→ **PROBLEM STATEMENT**:
Extract the complete data exactly as given.

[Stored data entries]
────────

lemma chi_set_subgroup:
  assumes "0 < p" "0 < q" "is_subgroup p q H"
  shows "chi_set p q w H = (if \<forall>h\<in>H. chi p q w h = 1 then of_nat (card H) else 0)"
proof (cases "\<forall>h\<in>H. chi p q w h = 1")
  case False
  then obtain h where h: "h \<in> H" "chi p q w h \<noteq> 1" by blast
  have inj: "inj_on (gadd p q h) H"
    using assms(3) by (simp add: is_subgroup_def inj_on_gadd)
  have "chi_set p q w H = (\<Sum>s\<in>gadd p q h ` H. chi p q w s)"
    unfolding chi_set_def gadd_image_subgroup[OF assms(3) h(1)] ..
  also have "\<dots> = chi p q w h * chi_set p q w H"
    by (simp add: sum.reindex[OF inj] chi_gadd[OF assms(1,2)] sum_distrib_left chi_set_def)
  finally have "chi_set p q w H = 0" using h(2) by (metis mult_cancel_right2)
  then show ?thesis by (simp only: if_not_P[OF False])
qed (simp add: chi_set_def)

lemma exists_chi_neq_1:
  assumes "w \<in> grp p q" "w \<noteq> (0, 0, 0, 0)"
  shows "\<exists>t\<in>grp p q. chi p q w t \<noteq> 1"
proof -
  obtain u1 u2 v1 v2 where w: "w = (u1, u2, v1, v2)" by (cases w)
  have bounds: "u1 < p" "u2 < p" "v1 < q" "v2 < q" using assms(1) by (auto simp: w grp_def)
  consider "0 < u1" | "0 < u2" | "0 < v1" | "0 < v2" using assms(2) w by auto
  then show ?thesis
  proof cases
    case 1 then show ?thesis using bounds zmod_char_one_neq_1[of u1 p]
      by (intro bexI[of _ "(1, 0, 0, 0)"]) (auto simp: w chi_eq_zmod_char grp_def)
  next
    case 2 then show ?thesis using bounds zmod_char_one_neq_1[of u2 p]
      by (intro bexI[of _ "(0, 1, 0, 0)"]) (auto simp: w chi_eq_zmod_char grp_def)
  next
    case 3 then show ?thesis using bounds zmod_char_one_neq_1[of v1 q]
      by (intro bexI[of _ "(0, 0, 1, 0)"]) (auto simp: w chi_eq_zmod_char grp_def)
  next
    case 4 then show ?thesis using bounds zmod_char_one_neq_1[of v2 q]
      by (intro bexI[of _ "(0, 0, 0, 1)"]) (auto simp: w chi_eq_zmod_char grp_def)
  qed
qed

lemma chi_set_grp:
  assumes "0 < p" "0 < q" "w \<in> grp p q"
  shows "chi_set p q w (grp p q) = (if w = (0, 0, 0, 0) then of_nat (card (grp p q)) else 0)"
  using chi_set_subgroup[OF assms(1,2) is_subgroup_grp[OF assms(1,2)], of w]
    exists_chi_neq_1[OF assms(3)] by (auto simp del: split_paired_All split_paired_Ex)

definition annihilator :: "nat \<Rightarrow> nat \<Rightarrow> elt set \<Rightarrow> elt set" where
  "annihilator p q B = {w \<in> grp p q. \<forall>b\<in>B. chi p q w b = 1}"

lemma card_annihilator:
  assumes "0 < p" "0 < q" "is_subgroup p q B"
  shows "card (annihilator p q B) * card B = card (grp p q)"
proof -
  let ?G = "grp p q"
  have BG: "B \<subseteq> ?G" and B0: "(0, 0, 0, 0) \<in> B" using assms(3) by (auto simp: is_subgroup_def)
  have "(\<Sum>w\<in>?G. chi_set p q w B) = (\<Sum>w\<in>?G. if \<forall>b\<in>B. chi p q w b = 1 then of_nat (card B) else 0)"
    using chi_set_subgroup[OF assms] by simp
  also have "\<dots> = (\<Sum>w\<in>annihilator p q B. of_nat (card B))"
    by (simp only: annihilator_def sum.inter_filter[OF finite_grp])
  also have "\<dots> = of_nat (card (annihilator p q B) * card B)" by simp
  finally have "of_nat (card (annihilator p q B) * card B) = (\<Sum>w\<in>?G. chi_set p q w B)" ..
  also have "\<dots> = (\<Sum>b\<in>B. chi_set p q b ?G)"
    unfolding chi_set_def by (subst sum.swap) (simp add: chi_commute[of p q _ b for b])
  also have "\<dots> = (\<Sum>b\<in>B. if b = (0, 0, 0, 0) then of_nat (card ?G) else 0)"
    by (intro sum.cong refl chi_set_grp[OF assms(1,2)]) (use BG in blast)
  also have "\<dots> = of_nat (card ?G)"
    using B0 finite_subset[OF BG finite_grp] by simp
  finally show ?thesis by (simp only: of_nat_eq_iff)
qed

────────

→ **WRITTEN SOLUTION**:
lemma chi_set_subgroup:
  assumes "0 < p" "0 < q" "is_subgroup p q H"
  shows "chi_set p q w H = (if \<forall>h\<in>H. chi p q w h = 1 then of_nat (card H) else 0)"
proof (cases "\<forall>h\<in>H. chi p q w h = 1")
  case False
  then obtain h where h: "h \<in> H" "chi p q w h \<noteq> 1" by blast
  have inj: "inj_on (gadd p q h) H"
    using assms(3) by (simp add: is_subgroup_def inj_on_gadd)
  have "chi_set p q w H = (\<Sum>s\<in>gadd p q h ` H. chi p q w s)"
    unfolding chi_set_def gadd_image_subgroup[OF assms(3) h(1)] ..
  also have "\<dots> = chi p q w h * chi_set p q w H"
    by (simp add: sum.reindex[OF inj] chi_gadd[OF assms(1,2)] sum_distrib_left chi_set_def)
  finally have "chi_set p q w H = 0" using h(2) by (metis mult_cancel_right2)
  then show ?thesis by (simp only: if_not_P[OF False])
qed (simp add: chi_set_def)

lemma exists_chi_neq_1:
  assumes "w \<in> grp p q" "w \<noteq> (0, 0, 0, 0)"
  shows "\<exists>t\<in>grp p q. chi p q w t \<noteq> 1"
proof -
  obtain u1 u2 v1 v2 where w: "w = (u1, u2, v1, v2)" by (cases w)
  have bounds: "u1 < p" "u2 < p" "v1 < q" "v2 < q" using assms(1) by (auto simp: w grp_def)
  consider "0 < u1" | "0 < u2" | "0 < v1" | "0 < v2" using assms(2) w by auto
  then show ?thesis
  proof cases
    case 1 then show ?thesis using bounds zmod_char_one_neq_1[of u1 p]
      by (intro bexI[of _ "(1, 0, 0, 0)"]) (auto simp: w chi_eq_zmod_char grp_def)
  next
    case 2 then show ?thesis using bounds zmod_char_one_neq_1[of u2 p]
      by (intro bexI[of _ "(0, 1, 0, 0)"]) (auto simp: w chi_eq_zmod_char grp_def)
  next
    case 3 then show ?thesis using bounds zmod_char_one_neq_1[of v1 q]
      by (intro bexI[of _ "(0, 0, 1, 0)"]) (auto simp: w chi_eq_zmod_char grp_def)
  next
    case 4 then show ?thesis using bounds zmod_char_one_neq_1[of v2 q]
      by (intro bexI[of _ "(0, 0, 0, 1)"]) (auto simp: w chi_eq_zmod_char grp_def)
  qed
qed

lemma chi_set_grp:
  assumes "0 < p" "0 < q" "w \<in> grp p q"
  shows "chi_set p q w (grp p q) = (if w = (0, 0, 0, 0) then of_nat (card (grp p q)) else 0)"
  using chi_set_subgroup[OF assms(1,2) is_subgroup_grp[OF assms(1,2)], of w]
    exists_chi_neq_1[OF assms(3)] by (auto simp del: split_paired_All split_paired_Ex)

definition annihilator :: "nat \<Rightarrow> nat \<Rightarrow> elt set \<Rightarrow> elt set" where
  "annihilator p q B = {w \<in> grp p q. \<forall>b\<in>B. chi p q w b = 1}"

lemma card_annihilator:
  assumes "0 < p" "0 < q" "is_subgroup p q B"
  shows "card (annihilator p q B) * card B = card (grp p q)"
proof -
  let ?G = "grp p q"
  have BG: "B \<subseteq> ?G" and B0: "(0, 0, 0, 0) \<in> B" using assms(3) by (auto simp: is_subgroup_def)
  have "(\<Sum>w\<in>?G. chi_set p q w B) = (\<Sum>w\<in>?G. if \<forall>b\<in>B. chi p q w b = 1 then of_nat (card B) else 0)"
    using chi_set_subgroup[OF assms] by simp
  also have "\<dots> = (\<Sum>w\<in>annihilator p q B. of_nat (card B))"
    by (simp only: annihilator_def sum.inter_filter[OF finite_grp])
  also have "\<dots> = of_nat (card (annihilator p q B) * card B)" by simp
  finally have "of_nat (card (annihilator p q B) * card B) = (\<Sum>w\<in>?G. chi_set p q w B)" ..
  also have "\<dots> = (\<Sum>b\<in>B. chi_set p q b ?G)"
    unfolding chi_set_def by (subst sum.swap) (simp add: chi_commute[of p q _ b for b])
  also have "\<dots> = (\<Sum>b\<in>B. if b = (0, 0, 0, 0) then of_nat (card ?G) else 0)"
    by (intro sum.cong refl chi_set_grp[OF assms(1,2)]) (use BG in blast)
  also have "\<dots> = of_nat (card ?G)"
    using B0 finite_subset[OF BG finite_grp] by simp
  finally show ?thesis by (simp only: of_nat_eq_iff)
qed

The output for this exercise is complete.